lemma non_synchronized_map_imp_imprimitive:
  assumes fin: "finite \<Omega>" and sg: "subgroup G (BijGroup \<Omega>)" and tr: "transitive_on \<Omega> G"
    and k: "k > 1" and f: "f \<in> \<Omega> \<rightarrow> \<Omega>" and kt: "kernel_type_k1 \<Omega> f k"
    and ns: "\<not> synchronizes \<Omega> G f"
  shows "imprimitive_with_block_ge \<Omega> G k"
proof -
  obtain a where a: "a \<in> \<Omega>" and card_fibre: "card {x \<in> \<Omega>. f x = f a} = k"
    and collide: "\<And>x y. x \<in> \<Omega> \<Longrightarrow> y \<in> \<Omega> \<Longrightarrow> x \<noteq> y \<Longrightarrow> f x = f y \<Longrightarrow> f x = f a"
    using kernel_type_k1_collisions[OF kt] by blast
  define r where "r = {(x, y). x \<in> \<Omega> \<and> y \<in> \<Omega> \<and> separated \<Omega> G f x = separated \<Omega> G f y}"
  have eq: "equiv \<Omega> r"
    by (auto simp: r_def equiv_def refl_on_def sym_def trans_def)
  have compat: "(g x, g y) \<in> r \<longleftrightarrow> (x, y) \<in> r" if "g \<in> G" "x \<in> \<Omega>" "y \<in> \<Omega>" for g x y
  proof -
    have bij: "bij_betw g \<Omega> \<Omega>"
      using subgroup_BijGroup_bij_betw[OF sg that(1)] .
    then have "g x \<in> \<Omega>" "g y \<in> \<Omega>"
      using that(2,3) bij_betwE by blast+
    moreover have "g ` separated \<Omega> G f x = g ` separated \<Omega> G f y
        \<longleftrightarrow> separated \<Omega> G f x = separated \<Omega> G f y"
      using bij by (intro inj_on_image_eq_iff) (auto simp: bij_betw_def separated_def)
    ultimately show ?thesis
      using that separated_perm_image[OF sg that(1)] by (auto simp: r_def)
  qed
  have "(a, b) \<in> r" if b: "b \<in> \<Omega>" "f b = f a" for b
  proof -
    have "separated \<Omega> G f b \<subseteq> separated \<Omega> G f a"
      using separated_subset_if_collisions_over[OF fin sg tr f a b(1) b(2) collide] .
    moreover have "separated \<Omega> G f a \<subseteq> separated \<Omega> G f b"
      using separated_subset_if_collisions_over[OF fin sg tr f b(1) a b(2)[symmetric]] collide b(2)
      by metis
    ultimately show ?thesis
      using a b(1) by (auto simp: r_def)
  qed
  then have "{x \<in> \<Omega>. f x = f a} \<subseteq> r `` {a}"
    by blast
  moreover have "finite (r `` {a})"
    using fin by (rule finite_subset[rotated]) (auto simp: r_def)
  ultimately have "card (r `` {a}) \<ge> k"
    using card_fibre card_mono by metis
  moreover obtain x y where xy: "x \<in> \<Omega>" "y \<in> \<Omega>" "\<not> collapsible \<Omega> G f x y"
    using synchronizes_if_all_collapsible[OF fin sg f] ns a by blast
  have "(x, y) \<notin> r"
  proof
    assume "(x, y) \<in> r"
    then have "y \<in> separated \<Omega> G f x \<longleftrightarrow> y \<in> separated \<Omega> G f y"
      by (simp add: r_def)
    with xy collapsible_refl[of \<Omega> G f y] show False
      by (simp add: separated_def)
  qed
  ultimately show ?thesis
    using imprimitive_if_G_congruence[OF sg eq compat a k] xy(1,2) by blast
qed
(* Consider the stationary M/M/1/K queue (queue length at time $0$ distributed according to the stationary distribution) with arrival rate $\lambda>0$, service rate $\mu>0$, $\rho=\lambda/\mu$ and capacity $K\ge1$, and let $D(t)$ be the number of departures in $[0,t]$. Then $\mathrm{Var}(D(t))=\bar v\,t+\bar b_e+o(1)$ as $t\to\infty$, where $$\bar v=\begin{cases}\lambda\,\dfrac{(1+\rho^{K+1})\big(1-(1+2K)\rho^K(1-\rho)-\rho^{2K+1}\big)}{(1-\rho^{K+1})^3}, & \rho\ne1,\\[1em] \lambda\Big(\dfrac23-\dfrac{3K+2}{3(K+1)^2}\Big), & \rho=1,\end{cases}$$ and $$\bar b_e=\begin{cases}\rho^{K+1}\dfrac{N_K(\rho)}{(1-\rho)^2(1-\rho^{K+1})^4}, & \rho\ne1,\\[1em] \dfrac{7K^4+28K^3+37K^2+18K}{180(K+1)^2}, & \rho=1,\end{cases}$$ with $$N_K(\rho)=\big[6(1+\rho^2)(1+K)^2-4\rho(1+6K+3K^2)\big]\rho^{K+1}+\rho^2(2+3K+K^2)(1+\rho^{2K})-2\rho(3+2K+K^2)(1+\rho^{2(K+1)})+K(1+K)(1+\rho^{2(K+2)}).$$
   Context: The M/M/1/K queue: a single server, Poisson arrivals at rate $\lambda$, exponential service times with rate $\mu$, and at most $K$ customers in the system (arrivals finding $K$ customers are lost). The queue length $Q(t)$ is the birth–death chain on $\{0,\dots,K\}$ with up-rate $\lambda$ and down-rate $\mu$; its stationary distribution is $\pi_i=\frac{1-\rho}{1-\rho^{K+1}}\rho^i$ for $\rho\ne1$ and $\pi_i=\frac1{K+1}$ for $\rho=1$. $D(t)$ counts the service completions (downward jumps of $Q$) in $[0,t]$. *)

theory Defs
  imports "HOL-Probability.Probability"
begin

definition mm1k_pi :: "real \<Rightarrow> real \<Rightarrow> nat \<Rightarrow> nat \<Rightarrow> real" where
  "mm1k_pi lam mu K i =
     (let \<rho> = lam / mu in
      if i \<le> K then (if \<rho> = 1 then 1 / real (K + 1)
                     else (1 - \<rho>) / (1 - \<rho> ^ (K + 1)) * \<rho> ^ i)
      else 0)"

definition mm1k_init :: "real \<Rightarrow> real \<Rightarrow> nat \<Rightarrow> nat pmf" where
  "mm1k_init lam mu K = embed_pmf (mm1k_pi lam mu K)"

(* One step of the uniformized jump chain of (Q, D) with uniformization rate lam + mu:
   w.p. lam/(lam+mu) an arrival attempt (lost if Q = K),
   w.p. mu/(lam+mu) a service attempt (a real departure only if Q > 0). *)
definition mm1k_step :: "real \<Rightarrow> real \<Rightarrow> nat \<Rightarrow> nat \<times> nat \<Rightarrow> (nat \<times> nat) pmf" where
  "mm1k_step lam mu K s =
     (case s of (q, d) \<Rightarrow>
       bind_pmf (bernoulli_pmf (lam / (lam + mu)))
         (\<lambda>up. return_pmf
            (if up then (if q < K then (q + 1, d) else (q, d))
             else (if 0 < q then (q - 1, d + 1) else (q, d)))))"

definition mm1k_jump :: "real \<Rightarrow> real \<Rightarrow> nat \<Rightarrow> nat \<Rightarrow> (nat \<times> nat) pmf" where
  "mm1k_jump lam mu K n =
     ((\<lambda>p. bind_pmf p (mm1k_step lam mu K)) ^^ n) (map_pmf (\<lambda>q. (q, 0)) (mm1k_init lam mu K))"

(* Law of D(t), the number of departures in [0,t] of the stationary M/M/1/K queue:
   the number of epochs in [0,t] is Poisson((lam+mu) t) (uniformization). *)
definition mm1k_departures :: "real \<Rightarrow> real \<Rightarrow> nat \<Rightarrow> real \<Rightarrow> nat pmf" where
  "mm1k_departures lam mu K t =
     bind_pmf (poisson_pmf ((lam + mu) * t)) (\<lambda>n. map_pmf snd (mm1k_jump lam mu K n))"

definition mm1k_vbar :: "real \<Rightarrow> real \<Rightarrow> nat \<Rightarrow> real" where
  "mm1k_vbar lam mu K =
     (let \<rho> = lam / mu in
      if \<rho> \<noteq> 1 then
        lam * ((1 + \<rho> ^ (K + 1)) * (1 - (1 + 2 * real K) * \<rho> ^ K * (1 - \<rho>) - \<rho> ^ (2 * K + 1)))
          / (1 - \<rho> ^ (K + 1)) ^ 3
      else lam * (2 / 3 - (3 * real K + 2) / (3 * (real K + 1) ^ 2)))"

definition mm1k_N :: "nat \<Rightarrow> real \<Rightarrow> real" where
  "mm1k_N K \<rho> =
     (6 * (1 + \<rho>^2) * (1 + real K)^2 - 4 * \<rho> * (1 + 6 * real K + 3 * (real K)^2)) * \<rho> ^ (K + 1)
     + \<rho>^2 * (2 + 3 * real K + (real K)^2) * (1 + \<rho> ^ (2 * K))
     - 2 * \<rho> * (3 + 2 * real K + (real K)^2) * (1 + \<rho> ^ (2 * (K + 1)))
     + real K * (1 + real K) * (1 + \<rho> ^ (2 * (K + 2)))"

definition mm1k_be :: "real \<Rightarrow> real \<Rightarrow> nat \<Rightarrow> real" where
  "mm1k_be lam mu K =
     (let \<rho> = lam / mu in
      if \<rho> \<noteq> 1 then
        \<rho> ^ (K + 1) * mm1k_N K \<rho> / ((1 - \<rho>)^2 * (1 - \<rho> ^ (K + 1)) ^ 4)
      else (7 * (real K)^4 + 28 * (real K)^3 + 37 * (real K)^2 + 18 * real K)
             / (180 * (real K + 1)^2))"

end

theory Submission
  imports Defs "HOL-Real_Asymp.Real_Asymp"
begin

(*
  Uniformise at rate lam + mu: D(t) is the number of departures among the first N epochs of a
  discrete-time chain (Q_n, D_n), where N is Poisson((lam + mu) t) and independent of the chain.
  The queue length Q_n alone is a reversible birth-death chain with transition operator P, started
  in its stationary law pi, and D_n is an additive functional of it. If h and h' solve the Poisson
  equations (I - P) h = g - c and (I - P) h' = g' - c, where g is the probability of a departure
  at the next epoch, g' that of an accepted arrival (its time reversal) and c = pi g, then
  reversibility makes all correlation sums telescope and gives, for an explicit constant alpha,
    E D_n^2 = c^2 n (n - 1) + alpha n - 2 R_0 + 2 R_n,   R_n = pi (h' P^n h).
  A Doeblin minorisation (K services empty the queue) makes R_n converge geometrically to
  pi h' pi h, so after Poissonisation Var D(t) = (lam + mu) alpha t + 2 (pi h' pi h - R_0) plus an
  exponentially small error. The constants are evaluated from explicit solutions h, h':
  combinations of x and (1/rho)^x if rho is not 1, quadratic polynomials in x if rho = 1.
*)

section \<open>Poisson mixtures\<close>

lemma poisson_pmf_pgf_sums:
  assumes "0 < L"
  shows "(\<lambda>n. b ^ n * pmf (poisson_pmf L) n) sums exp (L * (b - 1))"
proof -
  have "(\<lambda>n. (L * b) ^ n / fact n) sums exp (L * b)"
    using exp_converges[of "L * b"] by (simp add: divide_inverse mult.commute)
  then have "(\<lambda>n. (L * b) ^ n / fact n * exp (- L)) sums (exp (L * b) * exp (- L))"
    by (rule sums_mult2)
  moreover have "b ^ n * pmf (poisson_pmf L) n = (L * b) ^ n / fact n * exp (- L)" for n
    using assms by (simp add: power_mult_distrib)
  ultimately show ?thesis by (simp add: mult_exp_exp right_diff_distrib mult.commute)
qed

lemma poisson_pmf_sums_1: "0 < L \<Longrightarrow> (\<lambda>n. pmf (poisson_pmf L) n) sums 1"
  using poisson_pmf_pgf_sums[of L 1] by simp

lemma poisson_pmf_Suc:
  "0 < L \<Longrightarrow> real (Suc n) * pmf (poisson_pmf L) (Suc n) = L * pmf (poisson_pmf L) n"
proof -
  assume "0 < L"
  then have "pmf (poisson_pmf L) (Suc n) = L / real (Suc n) * pmf (poisson_pmf L) n"
    by (simp add: divide_simps)
  then show ?thesis by simp
qed

lemma poisson_pmf_mean_sums:
  assumes "0 < L" shows "(\<lambda>n. real n * pmf (poisson_pmf L) n) sums L"
proof -
  have "(\<lambda>n. L * pmf (poisson_pmf L) n) sums (L * 1)"
    by (rule sums_mult) (rule poisson_pmf_sums_1[OF assms])
  then have "(\<lambda>n. real (Suc n) * pmf (poisson_pmf L) (Suc n)) sums L"
    by (simp only: poisson_pmf_Suc[OF assms] mult_1_right)
  then show ?thesis by (subst (asm) sums_Suc_iff) simp
qed

lemma poisson_pmf_factorial_moment_sums:
  assumes "0 < L" shows "(\<lambda>n. real n * (real n - 1) * pmf (poisson_pmf L) n) sums L ^ 2"
proof -
  have "(\<lambda>n. L ^ 2 * pmf (poisson_pmf L) n) sums (L ^ 2 * 1)"
    by (rule sums_mult) (rule poisson_pmf_sums_1[OF assms])
  moreover have "real (Suc (Suc n)) * (real (Suc (Suc n)) - 1) * pmf (poisson_pmf L) (Suc (Suc n))
      = L ^ 2 * pmf (poisson_pmf L) n" for n
  proof -
    have "real (Suc (Suc n)) * (real (Suc (Suc n)) - 1) * pmf (poisson_pmf L) (Suc (Suc n))
        = real (Suc n) * (real (Suc (Suc n)) * pmf (poisson_pmf L) (Suc (Suc n)))"
      by simp
    also have "\<dots> = L * (real (Suc n) * pmf (poisson_pmf L) (Suc n))"
      by (simp only: poisson_pmf_Suc[OF assms] mult.left_commute)
    also have "\<dots> = L ^ 2 * pmf (poisson_pmf L) n"
      by (simp only: poisson_pmf_Suc[OF assms] power2_eq_square mult.assoc)
    finally show ?thesis .
  qed
  ultimately have
    "(\<lambda>n. real (Suc (Suc n)) * (real (Suc (Suc n)) - 1) * pmf (poisson_pmf L) (Suc (Suc n))) sums L ^ 2"
    by simp
  then show ?thesis by (subst (asm) sums_Suc_iff, subst (asm) sums_Suc_iff) simp
qed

══════

◆ WHAT THE TASK ASKS ◆
All lines above from the one holding "at the next" to the one holding "fact n) sums", inclusive, are to be copied exactly; no other line is wanted.

◆ SOLUTION TO THE PROBLEM ◆
  at the next epoch, g' that of an accepted arrival (its time reversal) and c = pi g, then
  reversibility makes all correlation sums telescope and gives, for an explicit constant alpha,
    E D_n^2 = c^2 n (n - 1) + alpha n - 2 R_0 + 2 R_n,   R_n = pi (h' P^n h).
  A Doeblin minorisation (K services empty the queue) makes R_n converge geometrically to
  pi h' pi h, so after Poissonisation Var D(t) = (lam + mu) alpha t + 2 (pi h' pi h - R_0) plus an
  exponentially small error. The constants are evaluated from explicit solutions h, h':
  combinations of x and (1/rho)^x if rho is not 1, quadratic polynomials in x if rho = 1.
*)

section \<open>Poisson mixtures\<close>

lemma poisson_pmf_pgf_sums:
  assumes "0 < L"
  shows "(\<lambda>n. b ^ n * pmf (poisson_pmf L) n) sums exp (L * (b - 1))"
proof -
  have "(\<lambda>n. (L * b) ^ n / fact n) sums exp (L * b)"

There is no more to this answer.